SEMARANG (SUARABARU.ID) – Bagi penikmat kopi di Indonesia, belakangan ini tengah tertuju pada tren cold brew coffee.
Menyeruput segelas kopi dingin di siang hari jauh lebih menyegarkan daripada secangkir kopi panas. Tapi, apakah tren baru ini memang lebih sehat daripada kopi tubruk biasa, seperti kata orang?
Dilansir dari hellosehat, cold brew adalah teknik menyeduh bubuk kopi hitam dengan air dingin (air suhu ruangan) selama kurang lebih 12-24 jam untuk mendapatkan rasa yang optimal.
Kamu bisa menyeduh bubuk kopi pilihan kamu dengan cara merendamnya di gelas, lalu didiamkan dan disaring, atau menggunakan alat penyeduh kopi khusus, seperti french press atau cold drip.
Teknik penyeduhan dingin ini akan menghasilkan konsentrat kopi yang pekat. Konsentrat kopi ini bisa diminum langsung sebagai kopi hitam tanpa basa-basi, atau ditambah susu, krimer, gula, atau pemanis lainnya untuk meracik kreasi kopi lainnya.
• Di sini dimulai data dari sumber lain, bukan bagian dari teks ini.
(* Consider the variation of the temporal graph discovery game on temporal multigraphs. For all $\delta,k\in\mathbb N^+$ and $T_{\max}\ge 4$, there is an infinite family of temporal graphs $\{\mathcal G_n\}_{n\in\mathbb N}$ such that $\mathcal G_n$ has $\Theta(n)$ nodes and the minimum number of rounds required to win the game grows in $\Omega\big(n(T_{\max}-3)/(\delta k)\big)$. Also, all graphs in the family are temporally connected.
   Context: A temporal multigraph $\mathcal G=(V,E,\lambda)$ with lifetime $T_{\max}$ has a finite multiset $E$ of undirected edges (parallel edges allowed) and a labeling $\lambda:E\to\{1,\dots,T_{\max}\}$, no two parallel edges having the same label; edge $e$ is present only at time $\lambda(e)$. An ordinary temporal graph is the special case without parallel edges. A temporal path is a path with strictly increasing labels; $\mathcal G$ is temporally connected if every node reaches every other by a temporal path. Infection model with parameter $\delta$: a set $S\subseteq V\times[0,T_{\max}]$ of at most $k$ seed infections; a seed $(u,t)$ makes $u$ infected at time $t$; otherwise a susceptible node $u$ becomes infected at time $t$ iff some neighbour $v$ infectious at time $t$ has an edge $uv$ with label $t$ (exactly one infector recorded if several exist). A node infected at time $t$ is infectious at times $t+1,\dots,t+\delta$ and resistant afterwards. The infection log records which node infected which at what time. Game: the Discoverer knows $V$ and the static multigraph; each round it submits at most $k$ seeds and the Adversary answers with a consistent infection log under some labeling consistent with all previous answers (adaptive); the Discoverer wins iff its finally submitted labeling equals the Adversary's final labeling consistent with all logs. *)

theory Defs
  imports Main "HOL-Library.Extended_Nat"
begin
lemma level_words_bin_weight_le:
  fixes f :: "'a list \<Rightarrow> ennreal"
  assumes "a > 0" "b > 0" "0 \<le> T" "2 * T + \<eta> \<le> t" "0 \<le> u" "0 \<le> v"
    and bound1: "\<And>s. T \<le> s \<Longrightarrow> infsum f (level_words S P \<eta> \<phi>\<^sub>1 C s) \<le> ennreal (exp (- a * s))"
    and bound2: "\<And>s. T \<le> s \<Longrightarrow> infsum f (level_words S P \<eta> \<phi>\<^sub>2 C s) \<le> ennreal (exp (- b * s))"
  defines "bin \<equiv> level_words S P \<eta> (\<lambda>x. \<phi>\<^sub>1 x + \<phi>\<^sub>2 x) C t
    \<inter> level_words S P \<eta> \<phi>\<^sub>1 C u \<inter> level_words S P \<eta> \<phi>\<^sub>2 C v"
  shows "infsum f bin \<le> ennreal (exp (- (a * b / (a + b)) * (t - \<eta> - T)))"
proof (cases "bin = {}")
  case False
  then obtain w where "w \<in> bin" by auto
  then have "t - \<eta> < u + v"
    unfolding bin_def by (rule level_words_add_Int_less)
  with assms(1-6) have "(T \<le> u \<and> a * b / (a + b) * (t - \<eta> - T) \<le> a * u) \<or>
      (T \<le> v \<and> a * b / (a + b) * (t - \<eta> - T) \<le> b * v)"
    by (intro harmonic_split_above) auto
  then show ?thesis
  proof
    assume u: "T \<le> u \<and> a * b / (a + b) * (t - \<eta> - T) \<le> a * u"
    have "infsum f bin \<le> infsum f (level_words S P \<eta> \<phi>\<^sub>1 C u)"
      unfolding bin_def by (rule infsum_mono_set_ennreal) auto
    also have "\<dots> \<le> ennreal (exp (- a * u))"
      using bound1 u by blast
    also have "\<dots> \<le> ennreal (exp (- (a * b / (a + b)) * (t - \<eta> - T)))"
      using u by (intro ennreal_leI) simp
    finally show ?thesis .
  next
    assume v: "T \<le> v \<and> a * b / (a + b) * (t - \<eta> - T) \<le> b * v"
    have "infsum f bin \<le> infsum f (level_words S P \<eta> \<phi>\<^sub>2 C v)"
      unfolding bin_def by (rule infsum_mono_set_ennreal) auto
    also have "\<dots> \<le> ennreal (exp (- b * v))"
      using bound2 v by blast
    also have "\<dots> \<le> ennreal (exp (- (a * b / (a + b)) * (t - \<eta> - T)))"
      using v by (intro ennreal_leI) simp
    finally show ?thesis .
  qed
qed simp
lemma exists_leaf:
  assumes "finite V" "graph_edges V E" "card E + 1 \<le> card V" "graph_connected V E" "E \<noteq> {}"
  obtains l m where "l \<in> V" "l \<noteq> m" "{e\<in>E. l \<in> e} = {{l, m}}"
proof -
  have fin: "finite E"
    using assms(1,2) by (rule finite_graph_edges)
  obtain u v where uv: "u \<in> V" "v \<in> V" "u \<noteq> v"
    using assms(2,5) unfolding graph_edges_def by blast
  have deg_pos: "card {e\<in>E. x \<in> e} \<noteq> 0" if x: "x \<in> V" for x
  proof -
    obtain y where y: "y \<in> V" "y \<noteq> x"
      using uv by blast
    then obtain xs where xs: "is_walk E x y xs"
      using assms(4) x unfolding graph_connected_def by blast
    then have "Suc 0 < length xs"
      using y(2) unfolding is_walk_def by (cases xs) auto
    then have "{xs ! 0, xs ! Suc 0} \<in> E" "xs ! 0 = x"
      using xs unfolding is_walk_def by (auto simp: hd_conv_nth)
    then show ?thesis
      using fin by auto
  qed
  have "\<exists>l\<in>V. card {e\<in>E. l \<in> e} < 2"
  proof (rule ccontr)
    assume "\<not> ?thesis"
    then have "(\<Sum>x\<in>V. 2) \<le> (\<Sum>x\<in>V. card {e\<in>E. x \<in> e})"
      by (intro sum_mono) (simp add: not_less)
    then show False
      using sum_degree_eq_twice_card_edges[OF assms(1,2)] assms(3) by simp
  qed
  then obtain l where l: "l \<in> V" "card {e\<in>E. l \<in> e} < 2"
    by blast
  with deg_pos have "card {e\<in>E. l \<in> e} = 1"
    by (metis One_nat_def less_2_cases)
  then obtain e where e: "{e\<in>E. l \<in> e} = {e}"
    by (rule card_1_singletonE)
  then have "e \<in> E" "l \<in> e"
    by auto
  moreover obtain a b where "e = {a, b}" "a \<noteq> b"
    using assms(2) \<open>e \<in> E\<close> unfolding graph_edges_def by blast
  ultimately obtain m where "e = {l, m}" "l \<noteq> m"
    by (metis doubleton_eq_iff insertE singletonD)
  with l(1) e show ?thesis
    using that by blast
qed

lemma walk_avoiding_leaf:
  assumes leaf: "{e\<in>E. l \<in> e} = {{l, m}}" "l \<noteq> m"
  shows "is_walk E x y xs \<Longrightarrow> x \<noteq> l \<Longrightarrow> y \<noteq> l \<Longrightarrow> \<exists>ys. is_walk (E - {{l, m}}) x y ys"
proof (induction "length xs" arbitrary: xs rule: less_induct)
  case less
  show ?case
  proof (cases "l \<in> set xs")
    case False
    have "{a, b} \<noteq> {l, m}" if "a \<in> set xs" "b \<in> set xs" for a b
      using False that by (metis insertI1 insertE singletonD)
    then have "successively (\<lambda>x y. {x, y} \<in> E - {{l, m}}) xs"
      using less.prems(1) unfolding is_walk_iff_successively
      by (auto elim!: successively_mono)
    then show ?thesis
      using less.prems(1) unfolding is_walk_iff_successively by blast
  next
    case True
    \<comment> \<open>the walk enters and leaves the leaf through \<open>m\<close>, so the detour \<open>m, l, m\<close> can be cut out\<close>
    then obtain as bs where xs: "xs = as @ l # bs"
      by (meson split_list)
    have "as \<noteq> []" "bs \<noteq> []"
      using less.prems xs unfolding is_walk_def by auto
    then obtain as' a b bs' where "as = as' @ [a]" "bs = b # bs'"
      by (metis append_butlast_last_id list.exhaust)
    then have xs': "xs = as' @ a # l # b # bs'"
      using xs by simp
    have "{a, l} \<in> {e\<in>E. l \<in> e}" "{l, b} \<in> {e\<in>E. l \<in> e}"
      using less.prems(1) unfolding xs' is_walk_iff_successively
      by (auto simp: successively_append_iff)
    then have "{a, l} = {l, m}" "{l, b} = {l, m}"
      unfolding leaf(1) by simp_all
    then have "a = m" "b = m"
      using leaf(2) by (metis doubleton_eq_iff)+
    then have "is_walk E x y (as' @ m # bs')"
      using less.prems(1) unfolding xs' is_walk_iff_successively
      by (auto simp: successively_append_iff hd_append)
    moreover have "length (as' @ m # bs') < length xs"
      unfolding xs' by simp
    ultimately show ?thesis
      using less.hyps less.prems(2,3) by blast
  qed
qed

lemma graph_remove_leaf:
  assumes "finite V" "graph_edges V E" "card E + 1 \<le> card V" "graph_connected V E"
    and leaf: "l \<in> V" "l \<noteq> m" "{e\<in>E. l \<in> e} = {{l, m}}"
  shows "graph_edges (V - {l}) (E - {{l, m}})"
    and "card (E - {{l, m}}) + 1 \<le> card (V - {l})"
    and "graph_connected (V - {l}) (E - {{l, m}})"
proof -
  have "{l, m} \<in> {e\<in>E. l \<in> e}"
    unfolding leaf(3) by simp
  then have lm: "{l, m} \<in> E"
    by simp
  show "graph_edges (V - {l}) (E - {{l, m}})"
    unfolding graph_edges_def
  proof
    fix e assume e: "e \<in> E - {{l, m}}"
    have "l \<notin> e"
    proof
      assume "l \<in> e"
      with e have "e \<in> {e\<in>E. l \<in> e}" by simp
      with e show False unfolding leaf(3) by simp
    qed
    moreover obtain u v where "e = {u, v}" "u \<in> V" "v \<in> V" "u \<noteq> v"
      using e assms(2) unfolding graph_edges_def by blast
    ultimately show "e \<in> {{u, v} |u v. u \<in> V - {l} \<and> v \<in> V - {l} \<and> u \<noteq> v}"
      by blast
  qed
  have "0 < card E"
    using lm finite_graph_edges[OF assms(1,2)] card_gt_0_iff by blast
  then show "card (E - {{l, m}}) + 1 \<le> card (V - {l})"
    using assms(1,3) lm leaf(1) by simp
  show "graph_connected (V - {l}) (E - {{l, m}})"
    using assms(4) walk_avoiding_leaf[OF leaf(3,2)] unfolding graph_connected_def by blast
qed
Misalnya, cappuccino.
Konsentrat cold brew coffee bisa tetap segar hingga dua minggu jika kamu menyimpannya di lemari es.
Apa bedanya cold brew coffee dengan es kopi? Meski namanya mengandung kata dingin, cold brew coffee beda dengan es kopi biasa. Membuat segelas es kopi perlu waktu yang lebih cepat daripada menyeduh kopi cold brew. Es kopi diracik dengan bubuk kopi yang dilarutkan pakai air panas dan ditambahkan es batu setelahnya agar dingin. Konsentrat kopi cold brew didapatkan dari merendam bubuk kopi hitam dengan air dingin atau air suhu ruangan.
Teknik yang berbeda menghasilkan rasa yang berbeda pula. Espresso panas yang dijadikan dasar es kopi harus diproses lebih kuat agar rasa dan aromanya tak mudah pudar setelah diencerkan dengan es. Metode seduhan air panas inilah yang memberikan kopi hitam (baik panas maupun ditambah es) rasa dan aroma pahit yang kuat khas kopi pada umumnya.
Sementara itu, cold brew membutuhkan waktu hingga 18-24 jam untuk menghasilkan konsentrat. Proses yang mirip dengan infused water ini menghasilkan rasa dan aroma yang lebih halus. Inilah yang menyebabkan kopi cold brew terasa lebih manis.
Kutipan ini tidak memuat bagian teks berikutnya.